▸ **Work to be completed**
In the records below, count the lines that have "assms" and answer with the number alone.

▸ **Information given**
========

lemma ratdual_pullback:
  assumes "D \<in> ratdual lact ract (coact i) (Ci i)"
  shows "pullback i D \<in> ratdual lact ract Delta UNIV"
proof -
  obtain ps where D: "D \<in> ldual lact (Ci i)" and ps: "\<forall>(n, c)\<in>set ps. n \<in> ldual lact (Ci i)"
    and act: "\<And>f m. f \<in> ldual lact UNIV \<Longrightarrow> m \<in> Ci i
                \<Longrightarrow> f (hit ract (coact i) D m) = (\<Sum>(n, c)\<leftarrow>ps. n m * f c)"
    using assms unfolding ratdual_iff by blast
  let ?ps = "map (\<lambda>(n, c). (pullback i n, c)) ps"
  have "f (hit ract Delta (pullback i D) m) = (\<Sum>(n, c)\<leftarrow>?ps. n m * f c)"
    if "f \<in> ldual lact UNIV" for f m
    using act[OF that components_mem[of m i]] unfolding hit_pullback[OF D]
    by (simp add: pullback_def split_def o_def)
  moreover have "\<forall>(n, c)\<in>set ?ps. n \<in> ldual lact UNIV"
    using ps pullback_ldual by auto
  ultimately show ?thesis
    unfolding ratdual_iff using pullback_ldual[OF D] by blast
qed

lemma ratdual_0: "(\<lambda>_. 0) \<in> ratdual lact ract Delta UNIV"
  unfolding ratdual_iff
  by (intro conjI ldual_UNIV_0 exI[of _ "[]"]) (simp_all add: hit_zero ldual_zero)

lemma ratdual_plus:
  assumes "d \<in> ratdual lact ract Delta UNIV" "d' \<in> ratdual lact ract Delta UNIV"
  shows "(\<lambda>c. d c + d' c) \<in> ratdual lact ract Delta UNIV"
proof -
  obtain ps where d: "d \<in> ldual lact UNIV" and ps: "\<forall>(n, c)\<in>set ps. n \<in> ldual lact UNIV"
    and act: "\<And>f m. f \<in> ldual lact UNIV \<Longrightarrow> f (hit ract Delta d m) = (\<Sum>(n, c)\<leftarrow>ps. n m * f c)"
    using assms(1) unfolding ratdual_iff by blast
  obtain ps' where d': "d' \<in> ldual lact UNIV" and ps': "\<forall>(n, c)\<in>set ps'. n \<in> ldual lact UNIV"
    and act': "\<And>f m. f \<in> ldual lact UNIV \<Longrightarrow> f (hit ract Delta d' m) = (\<Sum>(n, c)\<leftarrow>ps'. n m * f c)"
    using assms(2) unfolding ratdual_iff by blast
  have "f (hit ract Delta (\<lambda>c. d c + d' c) m) = (\<Sum>(n, c)\<leftarrow>ps @ ps'. n m * f c)"
    if "f \<in> ldual lact UNIV" for f m
    using act[OF that, of m] act'[OF that, of m] by (simp add: hit_plus ldual_add[OF that])
  then show ?thesis
    unfolding ratdual_iff using ldual_UNIV_plus[OF d d'] ps ps' by (intro conjI exI[of _ "ps @ ps'"]) auto
qed

lemma ratdual_sum:
  "finite J \<Longrightarrow> (\<forall>i\<in>J. d i \<in> ratdual lact ract Delta UNIV)
   \<Longrightarrow> (\<lambda>c. \<Sum>i\<in>J. d i c) \<in> ratdual lact ract Delta UNIV"
proof (induct J rule: finite_induct)
  case empty
  then show ?case using ratdual_0 by simp
next
  case (insert j J)
  then show ?case using ratdual_plus[of "d j" "\<lambda>c. \<Sum>i\<in>J. d i c"] by simp
qed

text \<open>If every \<open>Rat(\<^sup>*C\<^sub>i)\<close> is dense, then so is \<open>Rat(\<^sup>*C)\<close>: approximate \<open>g\<close> on the
  finitely many relevant components and add up the pull-backs.\<close>
lemma dense_from_summands:
  assumes dense: "\<And>i. finite_dense (Ci i) (ldual lact (Ci i)) (ratdual lact ract (coact i) (Ci i))"
  shows "finite_dense UNIV (ldual lact UNIV) (ratdual lact ract Delta UNIV)"
  unfolding finite_dense_def
proof (intro ballI allI impI)
  fix g and F :: "'c set"
  assume g: "g \<in> ldual lact UNIV" and F: "finite F \<and> F \<subseteq> UNIV"
  have "\<forall>i. \<exists>D. D \<in> ratdual lact ract (coact i) (Ci i)
      \<and> (\<forall>y\<in>(\<lambda>x. components x i) ` F. D y = restr (Ci i) g y)"
  proof
    fix i
    have "finite ((\<lambda>x. components x i) ` F)" "(\<lambda>x. components x i) ` F \<subseteq> Ci i"
      using F components_mem by auto
    from finite_denseD[OF dense restr_ldual[OF lsubmodule g] this]
    show "\<exists>D. D \<in> ratdual lact ract (coact i) (Ci i)
        \<and> (\<forall>y\<in>(\<lambda>x. components x i) ` F. D y = restr (Ci i) g y)"
      unfolding Bex_def .
  qed
  then obtain D where D_spec: "\<forall>i. D i \<in> ratdual lact ract (coact i) (Ci i)
      \<and> (\<forall>y\<in>(\<lambda>x. components x i) ` F. D i y = restr (Ci i) g y)"
    by (rule choice[THEN exE])
  then have D: "\<And>i. D i \<in> ratdual lact ract (coact i) (Ci i)" by blast
  have agree: "D i (components x i) = g (components x i)" if "x \<in> F" for i x
    using D_spec that by (simp add: restr_def components_mem)
  let ?J = "\<Union>x\<in>F. {i. components x i \<noteq> 0}"
  have J: "finite ?J" using F by (simp add: components_finite)
  have rational: "(\<lambda>c. \<Sum>i\<in>?J. pullback i (D i) c) \<in> ratdual lact ract Delta UNIV"
    by (rule ratdual_sum[OF J]) (simp add: ratdual_pullback[OF D])
  have approximates: "(\<Sum>i\<in>?J. pullback i (D i) x) = g x" if x: "x \<in> F" for x
  proof -
    have "(\<Sum>i\<in>?J. pullback i (D i) x) = (\<Sum>i\<in>?J. g (components x i))"
      using agree[OF x] by (simp add: pullback_def)
    also have "\<dots> = g (sum (components x) ?J)" by (rule ldual_sum[OF g, symmetric])
    also have "sum (components x) ?J = x" by (rule components_sum[OF J]) (use x in blast)
    finally show ?thesis .
  qed
  show "\<exists>d\<in>ratdual lact ract Delta UNIV. \<forall>x\<in>F. d x = g x"
    by (rule bexI[OF _ rational]) (simp add: approximates)
qed

text \<open>If \<open>Rat(\<^sup>*C)\<close> is dense, then so is each \<open>Rat(\<^sup>*C\<^sub>i)\<close>: restrict an approximation
  of the pull-back.\<close>
lemma dense_on_summand:
  assumes dense: "finite_dense UNIV (ldual lact UNIV) (ratdual lact ract Delta UNIV)"
  shows "finite_dense (Ci i) (ldual lact (Ci i)) (ratdual lact ract (coact i) (Ci i))"
  unfolding finite_dense_def
proof (intro ballI allI impI)
  fix g F assume g: "g \<in> ldual lact (Ci i)" and F: "finite F \<and> F \<subseteq> Ci i"
  obtain d where d: "d \<in> ratdual lact ract Delta UNIV" and agree: "\<forall>x\<in>F. d x = pullback i g x"
    using finite_denseD[OF dense pullback_ldual[OF g]] F by blast
  have "\<forall>x\<in>F. restr (Ci i) d x = g x"
    using agree F by (auto simp: restr_def pullback_on_Ci)
  then show "\<exists>d\<in>ratdual lact ract (coact i) (Ci i). \<forall>x\<in>F. d x = g x"
    using ratdual_restr[OF d] by blast
qed

end

theorem proposition2p4:
  fixes lact :: "'r::ring_1 \<Rightarrow> 'c::ab_group_add \<Rightarrow> 'c"
    and ract :: "'c \<Rightarrow> 'r \<Rightarrow> 'c"
    and Delta :: "'c \<Rightarrow> ('c \<times> 'c) list"
    and eps :: "'c \<Rightarrow> 'r"
    and Ci :: "'i \<Rightarrow> 'c set"
  assumes "coring lact ract Delta eps"
    and "left_alpha lact"
    and "comodule_decomp lact ract Delta Ci"
  shows "(\<forall>i. finite_dense (Ci i) (ldual lact (Ci i))
                 (ratdual lact ract (subcoact lact ract Delta (Ci i)) (Ci i)))
         \<longleftrightarrow> finite_dense UNIV (ldual lact UNIV) (ratdual lact ract Delta UNIV)"
proof -
  from assms(1) have "bimodule lact ract"
    unfolding coring_def by (elim conjE)
  moreover from assms(1) have "\<forall>x y. teq2 lact ract (Delta (x + y)) (Delta x @ Delta y)"
    unfolding coring_def by (elim conjE)
  ultimately interpret coring_decomposition lact ract Delta Ci
    using assms(3) by unfold_locales blast+
  show ?thesis using dense_from_summands dense_on_summand by blast
qed

end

========

▸ **Answer section**
6